Reputation: 53
I'm ingesting flowfiles containing Avro records with NiFi, and need to insert them into HBase. These flowfiles vary in size, but some have 10,000,000+ records. I use SplitAvro twice (one to split to 10,000 recs, then one to split to 1 rec), then use an ExecuteScript processor to pull out the row key for HBase and add it as a flowfile attribute. Finally I use PutHBaseCell (with a batch size of 10,000) to write to HBase using the row key attribute..
The processor that splits the Avro to 1 rec is very slow (Concurrent tasks is set to 5). Is there a way to speed that up?
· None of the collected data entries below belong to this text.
definition coords :: "jet \<Rightarrow> real^4 \<Rightarrow> real \<times> real" where
  "coords J X = (THE ab. X = fst ab *\<^sub>R ju J + snd ab *\<^sub>R jv J)"

definition sff :: "jet \<Rightarrow> real^4 \<Rightarrow> real^4 \<Rightarrow> real^4" where
  "sff J X Y = (let (a, b) = coords J X; (c, d) = coords J Y in
     norpart J ((a * c) *\<^sub>R juu J + (a * d) *\<^sub>R juv J + (b * c) *\<^sub>R jvu J + (b * d) *\<^sub>R jvv J))"

definition shape :: "jet \<Rightarrow> real^4 \<Rightarrow> real^4 \<Rightarrow> real^4" where
  "shape J xi X = (THE t. t \<in> tspace J \<and> (\<forall>Y\<in>tspace J. mink t Y = mink (sff J X Y) xi))"

definition ZT :: "jet \<Rightarrow> real^4 \<Rightarrow> real^4" where
  "ZT J Z = tanpart J Z"

definition ZN :: "jet \<Rightarrow> real^4 \<Rightarrow> real^4" where
  "ZN J Z = norpart J Z"

definition Wvec :: "jet \<Rightarrow> real^4 \<Rightarrow> real^4" where
  "Wvec J Z = (THE w. w \<in> tspace J \<and> lightlike w \<and> mink (ZT J Z) w = -1)"

definition acoef :: "jet \<Rightarrow> real^4 \<Rightarrow> real" where
  "acoef J Z = mink (sff J (Wvec J Z) (Wvec J Z)) (ZN J Z)"

definition nuvec :: "jet \<Rightarrow> real^4 \<Rightarrow> real^4" where
  "nuvec J Z = (1 / mnorm (sff J (ZT J Z) (ZT J Z))) *\<^sub>R sff J (ZT J Z) (ZT J Z)"

definition e1vec :: "jet \<Rightarrow> real^4 \<Rightarrow> real^4" where
  "e1vec J Z = (1 / sqrt 2) *\<^sub>R (ZT J Z + Wvec J Z)"

definition e2vec :: "jet \<Rightarrow> real^4 \<Rightarrow> real^4" where
  "e2vec J Z = (1 / sqrt 2) *\<^sub>R (ZT J Z - Wvec J Z)"

definition normal_curvature :: "jet \<Rightarrow> real^4 \<Rightarrow> real" where
  "normal_curvature J Z = mink
     (shape J (ZN J Z) (shape J (nuvec J Z) (e1vec J Z))
      - shape J (nuvec J Z) (shape J (ZN J Z) (e1vec J Z)))
     (e2vec J Z)"

end

theory Submission
  imports Defs
begin

(* Since Z is constant, differentiating <Z^T, Z^T> = 0 along the surface gives
   <II(Z^T, X), Z^perp> = 0 for every tangent X, i.e. A_{Z^perp} Z^T = 0; in particular
   II(Z^T, Z^T), hence nu, is orthogonal to Z^perp. In the null frame (Z^T, W) the commutator
   [A_{Z^perp}, A_nu] only involves the diagonal entries of the two second fundamental forms:
   K_N = <II(Z^T,Z^T), nu> <II(W,W), Z^perp> - <II(Z^T,Z^T), Z^perp> <II(W,W), nu>,
   and the second term vanishes while the first is |II(Z^T,Z^T)| a.
   The symmetry of II needed for this is Young's theorem on mixed partial derivatives. *)

section \<open>The Minkowski inner product\<close>

lemma mink_expand: "mink x y = - (x$1 * y$1) + x$2 * y$2 + x$3 * y$3 + x$4 * y$4"
  unfolding mink_def sum_4 by simp

lemma mink_commute: "mink x y = mink y x"
  unfolding mink_expand by (simp add: mult.commute)

lemma bounded_bilinear_mink: "bounded_bilinear mink"
proof
  fix a a' b b' :: "real^4" and r :: real
  show "mink (a + a') b = mink a b + mink a' b" "mink a (b + b') = mink a b + mink a b'"
    "mink (r *\<^sub>R a) b = r *\<^sub>R mink a b" "mink a (r *\<^sub>R b) = r *\<^sub>R mink a b"
    by (simp_all add: mink_expand algebra_simps)
  show "\<exists>K. \<forall>a b. norm (mink a b) \<le> norm a * norm b * K"
  proof (intro exI allI)
    fix a b :: "real^4"
    have "mink a b = inner a b - 2 * (a$1 * b$1)"
      unfolding mink_expand inner_vec_def sum_4 by simp
    moreover have "\<bar>a$1 * b$1\<bar> \<le> norm a * norm b"
      unfolding abs_mult by (intro mult_mono component_le_norm_cart) auto
    ultimately show "norm (mink a b) \<le> norm a * norm b * 3"
      using Cauchy_Schwarz_ineq2[of a b] by simp
  qed
qed

interpretation mink: bounded_bilinear mink
  by (rule bounded_bilinear_mink)

lemmas mink_lin = mink.add_left mink.add_right mink.diff_left mink.diff_right
  mink.scaleR_left mink.scaleR_right mink.minus_left mink.minus_right mink.zero_left mink.zero_right

lemma mink_orthogonal_timelike_nonneg:
  assumes X: "mink X X < 0" and nX: "mink n X = 0"
  shows "mink n n \<ge> 0"
proof -
  let ?s = "n$2 * X$2 + n$3 * X$3 + n$4 * X$4"
  let ?N = "n$2^2 + n$3^2 + n$4^2"
  let ?X = "X$2^2 + X$3^2 + X$4^2"
  have "?N * ?X - ?s^2 = (n$2*X$3 - n$3*X$2)^2 + (n$2*X$4 - n$4*X$2)^2 + (n$3*X$4 - n$4*X$3)^2"
    by (simp add: power2_eq_square algebra_simps)
  then have cs: "?s^2 \<le> ?N * ?X"
    by (smt (verit) zero_le_power2)
  have Xlt: "?X < X$1^2" using X unfolding mink_expand by (simp add: power2_eq_square)
  have "n$1 * X$1 = ?s" using nX unfolding mink_expand by simp
  then have "n$1^2 * X$1^2 = ?s^2" by (metis power_mult_distrib)
  also have "\<dots> \<le> ?N * X$1^2"
    using cs Xlt by (smt (verit) mult_left_mono zero_le_power2)
  finally have "n$1^2 \<le> ?N"
    using Xlt by (smt (verit) mult_le_cancel_right zero_le_power2)
  then show ?thesis unfolding mink_expand by (simp add: power2_eq_square)
qed

section \<open>Symmetry of mixed partial derivatives\<close>

lemma mvt_second_difference:
  fixes f :: "'b::real_normed_vector \<Rightarrow> 'a::real_inner"
  assumes s: "0 < s"
    and df: "\<And>q. q \<in> U \<Longrightarrow> (f has_derivative F q) (at q)"
    and inU: "\<And>t. t \<in> {0..s} \<Longrightarrow> x + t *\<^sub>R w + y \<in> U \<and> x + t *\<^sub>R w \<in> U"
    and bnd: "\<And>t. t \<in> {0<..<s} \<Longrightarrow> norm (F (x + t *\<^sub>R w + y) w - F (x + t *\<^sub>R w) w - K) \<le> B"
  shows "norm (f (x + s *\<^sub>R w + y) - f (x + s *\<^sub>R w) - f (x + y) + f x - s *\<^sub>R K) \<le> s * B"
proof -
  define g where "g t = f (x + t *\<^sub>R w + y) - f (x + t *\<^sub>R w) - t *\<^sub>R K" for t
  have der: "(g has_derivative (\<lambda>h. h *\<^sub>R (F (x + t *\<^sub>R w + y) w - F (x + t *\<^sub>R w) w - K))) (at t)"
    if t: "t \<in> {0..s}" for t
  proof -
    have d1: "(f has_derivative F (x + t *\<^sub>R w + y)) (at (x + t *\<^sub>R w + y))"
     and d2: "(f has_derivative F (x + t *\<^sub>R w)) (at (x + t *\<^sub>R w))"
      using df inU[OF t] by blast+
    have l1: "linear (F (x + t *\<^sub>R w + y))" and l2: "linear (F (x + t *\<^sub>R w))"
      using d1 d2 has_derivative_linear by blast+
    have "((\<lambda>t. x + t *\<^sub>R w + y) has_derivative (\<lambda>h. h *\<^sub>R w)) (at t)"
      and "((\<lambda>t. x + t *\<^sub>R w) has_derivative (\<lambda>h. h *\<^sub>R w)) (at t)"
      by (auto intro!: derivative_eq_intros)
    from has_derivative_compose[OF this(1) d1] has_derivative_compose[OF this(2) d2]
    have "(g has_derivative (\<lambda>h. F (x + t *\<^sub>R w + y) (h *\<^sub>R w) - F (x + t *\<^sub>R w) (h *\<^sub>R w) - h *\<^sub>R K)) (at t)"
      unfolding g_def o_def by (auto intro!: derivative_eq_intros)
    then show ?thesis
      using linear_scale[OF l1] linear_scale[OF l2] by (simp add: algebra_simps)
  qed
  have "continuous_on {0..s} g"
    using der by (intro continuous_at_imp_continuous_on) (meson has_derivative_continuous)
  then obtain t where t: "t \<in> {0<..<s}" and
    le: "norm (g s - g 0) \<le> norm ((s - 0) *\<^sub>R (F (x + t *\<^sub>R w + y) w - F (x + t *\<^sub>R w) w - K))"
    using mvt_general[OF s, of g "\<lambda>t h. h *\<^sub>R (F (x + t *\<^sub>R w + y) w - F (x + t *\<^sub>R w) w - K)"] der
    by auto
  moreover have "g s - g 0 = f (x + s *\<^sub>R w + y) - f (x + s *\<^sub>R w) - f (x + y) + f x - s *\<^sub>R K"
    unfolding g_def by (simp add: algebra_simps)
  ultimately show ?thesis
    using bnd[OF t] s by (simp add: mult_left_mono order_trans)
qed

lemma mixed_difference_estimate:
  fixes f fu fv :: "real \<times> real \<Rightarrow> 'a::real_inner"
  assumes U: "open U" "p \<in> U"
    and df: "\<forall>q\<in>U. (f has_derivative (\<lambda>h. fst h *\<^sub>R fu q + snd h *\<^sub>R fv q)) (at q)"
    and du: "(fu has_derivative (\<lambda>h. fst h *\<^sub>R a + snd h *\<^sub>R b)) (at p)"
    and e: "e > 0"
  shows "\<exists>d>0. \<forall>s. 0 < s \<and> s < d \<longrightarrow>
    norm (f (p + (s, s)) - f (p + (s, 0)) - f (p + (0, s)) + f p - (s * s) *\<^sub>R b) \<le> 4 * e * (s * s)"
proof -
  obtain d1 where d1: "d1 > 0" "\<forall>y. norm (y - p) < d1 \<longrightarrow>
      norm (fu y - fu p - (fst (y - p) *\<^sub>R a + snd (y - p) *\<^sub>R b)) \<le> e * norm (y - p)"
    using du[unfolded has_derivative_at_alt] e by blast
  obtain r where r: "r > 0" "ball p r \<subseteq> U" using U open_contains_ball by blast
  define F where "F q = (\<lambda>h::real \<times> real. fst h *\<^sub>R fu q + snd h *\<^sub>R fv q)" for q
  have "norm (f (p + (s, s)) - f (p + (s, 0)) - f (p + (0, s)) + f p - (s * s) *\<^sub>R b) \<le> 4 * e * (s * s)"
    if s: "0 < s" "s < min d1 r / 2" for s
  proof -
    have small: "norm ((t1, t2)::real \<times> real) < min d1 r" if "\<bar>t1\<bar> \<le> s" "\<bar>t2\<bar> \<le> s" for t1 t2
      using norm_Pair_le[of t1 t2] that s by simp
    have inU: "p + (t1, t2) \<in> U" if "\<bar>t1\<bar> \<le> s" "\<bar>t2\<bar> \<le> s" for t1 t2
    proof -
      have "dist p (p + (t1, t2)) < r" using small[OF that] by (simp add: dist_norm norm_Pair)
      then show ?thesis using r(2) by auto
    qed
    have lin: "norm (fu (p + (t1, t2)) - fu p - (t1 *\<^sub>R a + t2 *\<^sub>R b)) \<le> e * (2 * s)"
      if "\<bar>t1\<bar> \<le> s" "\<bar>t2\<bar> \<le> s" for t1 t2
    proof -
      have "norm (fu (p + (t1, t2)) - fu p - (t1 *\<^sub>R a + t2 *\<^sub>R b)) \<le> e * norm ((t1, t2)::real \<times> real)"
        using d1(2)[rule_format, of "p + (t1, t2)"] small[OF that] by simp
      also have "\<dots> \<le> e * (2 * s)"
        using norm_Pair_le[of t1 t2] that e by (intro mult_left_mono) auto
      finally show ?thesis .
    qed
    have "norm (f (p + s *\<^sub>R (1, 0) + (0, s)) - f (p + s *\<^sub>R (1, 0)) - f (p + (0, s)) + f p
        - s *\<^sub>R (s *\<^sub>R b)) \<le> s * (4 * e * s)"
    proof (rule mvt_second_difference[OF s(1)])
      show "(f has_derivative F q) (at q)" if "q \<in> U" for q
        using df that by (simp add: F_def)
      fix t assume t: "t \<in> {0..s}"
      then show "p + t *\<^sub>R (1, 0) + (0, s) \<in> U \<and> p + t *\<^sub>R (1, 0) \<in> U"
        using inU[of t s] inU[of t 0] s by (auto simp: add.assoc)
    next
      fix t assume t: "t \<in> {0<..<s}"
      have "fu (p + (t, s)) - fu (p + (t, 0)) - s *\<^sub>R b
          = (fu (p + (t, s)) - fu p - (t *\<^sub>R a + s *\<^sub>R b)) - (fu (p + (t, 0)) - fu p - (t *\<^sub>R a + 0 *\<^sub>R b))"
        by (simp add: algebra_simps)
      also have "norm \<dots> \<le> e * (2 * s) + e * (2 * s)"
        using norm_triangle_ineq4 lin[of t s] lin[of t 0] t s by (smt (verit) greaterThanLessThan_iff abs_of_pos)
      finally show "norm (F (p + t *\<^sub>R (1, 0) + (0, s)) (1, 0) - F (p + t *\<^sub>R (1, 0)) (1, 0) - s *\<^sub>R b)
          \<le> 4 * e * s"
        by (simp add: F_def add.assoc)
    qed
    then show ?thesis by (simp add: algebra_simps)
  qed
  moreover have "min d1 r / 2 > 0" using d1 r by simp
  ultimately show ?thesis by blast
qed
And is there a better way to load this Avro data into HBase?
(I am using a 2 node NiFi (v1.2) cluster (made from VMs), each node has 16 CPUs and 16GB RAM.)
Upvotes: 1
Views: 539
Reputation: 18630
There is a new PutHBaseRecord processor that will be part of the next release (there is a 1.4.0 release being voted upon right now).
With this processor you would avoid ever splitting your flow files, and you just send a flow file will millions of Avro records right to PutHBaseRecord, and PutHBaseRecord would be configured with an Avro reader.
You should get significantly better performance with this approach.
Upvotes: 1